Быстрым шагом прошел Шимен по пустым и темным улицам Миядлера. Чей-то пес, издалека встретивший его жалобным лаем, замолк, и снова водворилась гнетущая, навевающая страх тишина. Она настигла Шимена у самого дома. На пороге дремал старый Шарик, положив голову на косматые лапы. Услышав шаги, он вскочил, отряхнулся и подбежал к Шимену. Обнюхав его ноги, пес обхватил его передними лапами, радостно залаял, завилял облезлым хвостом и стал прыгать, норовя лизнуть хозяина прямо в лицо. Напрасно пытался Шимен отделаться от собаки и постучать в дверь. Он снял было лапы верного пса со своих плеч, но тот снова стал прыгать и лаять, повизгивая, как будто пытался что-то сказать своему хозяину. Наконец Шимену удалось одной рукой обхватить и прижать к себе собаку, а второй энергично забарабанить в дверь и окно. Но так никто и не отозвался на его отчаянный стук.

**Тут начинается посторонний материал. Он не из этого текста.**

definition simulating_step ::
  "('f, 'v) adp set \<Rightarrow> ('f, 'v) adp set \<Rightarrow> ('f, 'v) adp set \<Rightarrow> (('f, 'v) trm \<Rightarrow> ('f, 'v) trm \<Rightarrow> bool) \<Rightarrow>
   ('f, 'v) trm \<Rightarrow> ('f, 'v) trm \<Rightarrow> ('f, 'v) adp \<Rightarrow> pos \<Rightarrow> ('v \<Rightarrow> ('f, 'v) trm) \<Rightarrow>
   ('f, 'v) adp \<Rightarrow> ('v \<Rightarrow> ('f, 'v) trm) \<Rightarrow> bool" where
  "simulating_step P2 S1 S2 R s s' a \<pi> \<sigma> a' \<sigma>' \<longleftrightarrow>
     applicable P2 a' s' \<pi> \<sigma>' \<and> map fst (adp_rhs a') = map fst (adp_rhs a) \<and>
     (\<forall>i < length (adp_rhs a). R (step_result s \<pi> \<sigma> (adp_flag a) (snd (adp_rhs a ! i)))
                                  (step_result s' \<pi> \<sigma>' (adp_flag a') (snd (adp_rhs a' ! i)))) \<and>
     (a \<in> S1 \<and> ann_at s \<pi> \<longrightarrow> a' \<in> S2 \<and> ann_at s' \<pi>)"

lemma chain_tree_inner_step:
  assumes "chain_tree P T" and "ct_inner T v"
  defines "a \<equiv> fst (ct_step T v)" and "\<pi> \<equiv> snd (ct_step T v)"
  shows "\<exists>\<sigma>. applicable P a (ct_term T v) \<pi> \<sigma> \<and>
    (\<forall>i. v @ [i] \<in> ct_nodes T \<longleftrightarrow> i < length (adp_rhs a)) \<and>
    (\<forall>i < length (adp_rhs a). ct_prob T (v @ [i]) = ct_prob T v * fst (adp_rhs a ! i) \<and>
       ct_term T (v @ [i]) = step_result (ct_term T v) \<pi> \<sigma> (adp_flag a) (snd (adp_rhs a ! i)))"
proof -
  from assms(1,2) obtain \<mu> where st: "adp_step P (ct_term T v) a \<pi> \<mu>"
    and ch: "\<forall>i. v @ [i] \<in> ct_nodes T \<longleftrightarrow> i < length \<mu>"
    and pr: "\<forall>i < length \<mu>. ct_prob T (v @ [i]) = ct_prob T v * fst (\<mu> ! i) \<and> ct_term T (v @ [i]) = snd (\<mu> ! i)"
    unfolding chain_tree_def a_def \<pi>_def by blast
  from st obtain \<sigma> where "applicable P a (ct_term T v) \<pi> \<sigma>"
    and "\<mu> = map (\<lambda>(p, r). (p, step_result (ct_term T v) \<pi> \<sigma> (adp_flag a) r)) (adp_rhs a)"
    unfolding adp_step_def applicable_def by blast
  with ch pr show ?thesis by (auto simp: case_prod_beta)
qed

lemma chain_tree_relabel:
  assumes ct: "chain_tree P T"
    and steps: "\<And>v. ct_inner T v \<Longrightarrow> \<exists>\<sigma>. applicable P' (a v) (tm v) (snd (ct_step T v)) \<sigma> \<and>
        map fst (adp_rhs (a v)) = map fst (adp_rhs (fst (ct_step T v))) \<and>
        (\<forall>i < length (adp_rhs (a v)). tm (v @ [i]) =
           step_result (tm v) (snd (ct_step T v)) \<sigma> (adp_flag (a v)) (snd (adp_rhs (a v) ! i)))"
  shows "chain_tree P' (ct_nodes T, ct_prob T, tm, \<lambda>v. (a v, snd (ct_step T v)))"
    (is "chain_tree P' ?T")
  unfolding chain_tree_def
proof (intro conjI allI impI)
  have sel: "ct_nodes ?T = ct_nodes T" "ct_prob ?T = ct_prob T" "ct_term ?T = tm"
    "ct_step ?T = (\<lambda>v. (a v, snd (ct_step T v)))"
    by (simp_all add: ct_nodes_def ct_prob_def ct_term_def ct_step_def)
  show "[] \<in> ct_nodes ?T" "ct_prob ?T [] = 1" "\<And>v i. v @ [i] \<in> ct_nodes ?T \<Longrightarrow> v \<in> ct_nodes ?T"
    using ct by (auto simp: sel chain_tree_def)
  fix v assume "ct_inner ?T v"
  then have inner: "ct_inner T v" by (simp add: ct_inner_def sel)
  from steps[OF inner] obtain \<sigma> where ap: "applicable P' (a v) (tm v) (snd (ct_step T v)) \<sigma>"
    and fst_eq: "map fst (adp_rhs (a v)) = map fst (adp_rhs (fst (ct_step T v)))"
    and tm: "\<forall>i < length (adp_rhs (a v)). tm (v @ [i]) =
           step_result (tm v) (snd (ct_step T v)) \<sigma> (adp_flag (a v)) (snd (adp_rhs (a v) ! i))"
    by blast
  have len: "length (adp_rhs (a v)) = length (adp_rhs (fst (ct_step T v)))"
    using fst_eq map_eq_imp_length_eq by blast
  have "fst (adp_rhs (a v) ! i) = fst (adp_rhs (fst (ct_step T v)) ! i)"
    if "i < length (adp_rhs (a v))" for i
    using fst_eq that len by (metis nth_map)
  with chain_tree_inner_step[OF ct inner] tm len
  show "\<exists>\<mu>. adp_step P' (ct_term ?T v) (fst (ct_step ?T v)) (snd (ct_step ?T v)) \<mu> \<and>
          (\<forall>i. v @ [i] \<in> ct_nodes ?T \<longleftrightarrow> i < length \<mu>) \<and>
          (\<forall>i < length \<mu>. ct_prob ?T (v @ [i]) = ct_prob ?T v * fst (\<mu> ! i) \<and>
                           ct_term ?T (v @ [i]) = snd (\<mu> ! i))"
    using ap unfolding sel adp_step_def applicable_def
    by (intro exI[of _ "map (\<lambda>(p, r). (p, step_result (tm v) (snd (ct_step T v)) \<sigma> (adp_flag (a v)) r))
                         (adp_rhs (a v))"]) (auto simp: case_prod_beta)
qed

lemma edl_mono:
  assumes "ct_prob T' = ct_prob T"
    and "\<And>v. ct_inner T v \<Longrightarrow> fst (ct_step T v) \<in> S \<Longrightarrow> ann_at (ct_term T v) (snd (ct_step T v)) \<Longrightarrow>
           ct_inner T' v \<and> fst (ct_step T' v) \<in> S' \<and> ann_at (ct_term T' v) (snd (ct_step T' v))"
  shows "edl S T \<le> edl S' T'"
  unfolding edl_def
  by (rule infsum_mono_neutral[OF nonneg_summable_on_complete nonneg_summable_on_complete])
    (use assms in auto)

lemma chain_tree_simulating_steps:
  assumes ct: "chain_tree P1 T"
    and sim: "\<And>s s' a \<pi> \<sigma>. R s s' \<Longrightarrow> applicable P1 a s \<pi> \<sigma> \<Longrightarrow>
       \<exists>a' \<sigma>'. simulating_step P2 S1 S2 R s s' a \<pi> \<sigma> a' \<sigma>'"
  obtains \<sigma> c where "\<And>v. ct_inner T v \<Longrightarrow>
      \<forall>i < length (adp_rhs (fst (ct_step T v))). ct_term T (v @ [i]) =
        step_result (ct_term T v) (snd (ct_step T v)) (\<sigma> v) (adp_flag (fst (ct_step T v)))
          (snd (adp_rhs (fst (ct_step T v)) ! i))"
    and "\<And>v s'. ct_inner T v \<Longrightarrow> R (ct_term T v) s' \<Longrightarrow> simulating_step P2 S1 S2 R (ct_term T v) s'
      (fst (ct_step T v)) (snd (ct_step T v)) (\<sigma> v) (fst (c v s')) (snd (c v s'))"
proof -
  let ?a = "\<lambda>v. fst (ct_step T v)" and ?\<pi> = "\<lambda>v. snd (ct_step T v)"
  have "\<forall>v. \<exists>\<sigma>. ct_inner T v \<longrightarrow> applicable P1 (?a v) (ct_term T v) (?\<pi> v) \<sigma> \<and>
      (\<forall>i < length (adp_rhs (?a v)). ct_term T (v @ [i]) =
         step_result (ct_term T v) (?\<pi> v) \<sigma> (adp_flag (?a v)) (snd (adp_rhs (?a v) ! i)))"
    using chain_tree_inner_step[OF ct] by fastforce
  from choice[OF this] obtain \<sigma> where \<sigma>: "\<And>v. ct_inner T v \<Longrightarrow>
      applicable P1 (?a v) (ct_term T v) (?\<pi> v) (\<sigma> v) \<and>
      (\<forall>i < length (adp_rhs (?a v)). ct_term T (v @ [i]) =
         step_result (ct_term T v) (?\<pi> v) (\<sigma> v) (adp_flag (?a v)) (snd (adp_rhs (?a v) ! i)))"
    by blast
  define c where "c v s' = (SOME c. simulating_step P2 S1 S2 R (ct_term T v) s' (?a v) (?\<pi> v) (\<sigma> v)
    (fst c) (snd c))" for v s'
  have "simulating_step P2 S1 S2 R (ct_term T v) s' (?a v) (?\<pi> v) (\<sigma> v) (fst (c v s')) (snd (c v s'))"
    if "ct_inner T v" "R (ct_term T v) s'" for v s'
    unfolding c_def by (rule someI_ex) (use sim[OF that(2)] \<sigma>[OF that(1)] in auto)
  with \<sigma> show ?thesis using that by blast
qed

lemma chain_tree_simulation:
  assumes ct: "chain_tree P1 T" and init: "R (ct_term T []) s0"
    and sim: "\<And>s s' a \<pi> \<sigma>. R s s' \<Longrightarrow> applicable P1 a s \<pi> \<sigma> \<Longrightarrow>
       \<exists>a' \<sigma>'. simulating_step P2 S1 S2 R s s' a \<pi> \<sigma> a' \<sigma>'"
  obtains T' where "chain_tree P2 T'" and "ct_term T' [] = s0" and "edl S1 T \<le> edl S2 T'"
proof -
  let ?\<pi> = "\<lambda>v. snd (ct_step T v)"
  obtain \<sigma> c where \<sigma>: "\<And>v. ct_inner T v \<Longrightarrow>
      \<forall>i < length (adp_rhs (fst (ct_step T v))). ct_term T (v @ [i]) =
        step_result (ct_term T v) (?\<pi> v) (\<sigma> v) (adp_flag (fst (ct_step T v)))
          (snd (adp_rhs (fst (ct_step T v)) ! i))"
    and c: "\<And>v s'. ct_inner T v \<Longrightarrow> R (ct_term T v) s' \<Longrightarrow> simulating_step P2 S1 S2 R (ct_term T v) s'
      (fst (ct_step T v)) (?\<pi> v) (\<sigma> v) (fst (c v s')) (snd (c v s'))"
    using chain_tree_simulating_steps[OF ct sim] by blast
  \<comment> \<open>the term at node v replays the chosen simulating steps along the path v\<close>
  define tm where "tm v = rec_list s0 (\<lambda>i rv s'. let c' = c (rev rv) s' in
      step_result s' (?\<pi> (rev rv)) (snd c') (adp_flag (fst c')) (snd (adp_rhs (fst c') ! i))) (rev v)" for v
  have tm_snoc: "tm (v @ [i]) = step_result (tm v) (?\<pi> v) (snd (c v (tm v)))
      (adp_flag (fst (c v (tm v)))) (snd (adp_rhs (fst (c v (tm v))) ! i))" for v i
    by (simp add: tm_def Let_def)
  have R_tm: "R (ct_term T v) (tm v)" if "v \<in> ct_nodes T" for v
    using that
  proof (induction v rule: rev_induct)
    case Nil then show ?case using init by (simp add: tm_def)
  next
    case (snoc i v)
    then have inner: "ct_inner T v" and v: "v \<in> ct_nodes T"
      using ct by (auto simp: ct_inner_def chain_tree_def)
    have "i < length (adp_rhs (fst (ct_step T v)))"
      using chain_tree_inner_step[OF ct inner] snoc.prems by blast
    with c[OF inner snoc.IH[OF v]] \<sigma>[OF inner] show ?case
      by (simp add: simulating_step_def tm_snoc)
  qed
  define T' where "T' = (ct_nodes T, ct_prob T, tm, \<lambda>v. (fst (c v (tm v)), ?\<pi> v))"
  have "chain_tree P2 T'"
    unfolding T'_def using c[OF _ R_tm]
    by (intro chain_tree_relabel[OF ct]) (fastforce simp: simulating_step_def tm_snoc ct_inner_def)
  moreover have "ct_term T' [] = s0" by (simp add: T'_def ct_term_def tm_def)
  moreover have "edl S1 T \<le> edl S2 T'"
    using c[OF _ R_tm] by (intro edl_mono)
      (auto simp: simulating_step_def T'_def ct_inner_def ct_nodes_def ct_prob_def ct_term_def ct_step_def)
  ultimately show ?thesis using that by blast
qed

Бухмиллер получил распоряжение комендатуры отправить в Гончериху новую партию миядлерцев. Зная, что из тех, кто был отправлен раньше, никто назад не возвратился, он постарался отобрать самых измученных, самых истощенных людей, с тем чтобы здоровых и трудоспособных сохранить для своего личного хозяйства. В список отправляемых он включил и номер 27 — Эстер Ходош.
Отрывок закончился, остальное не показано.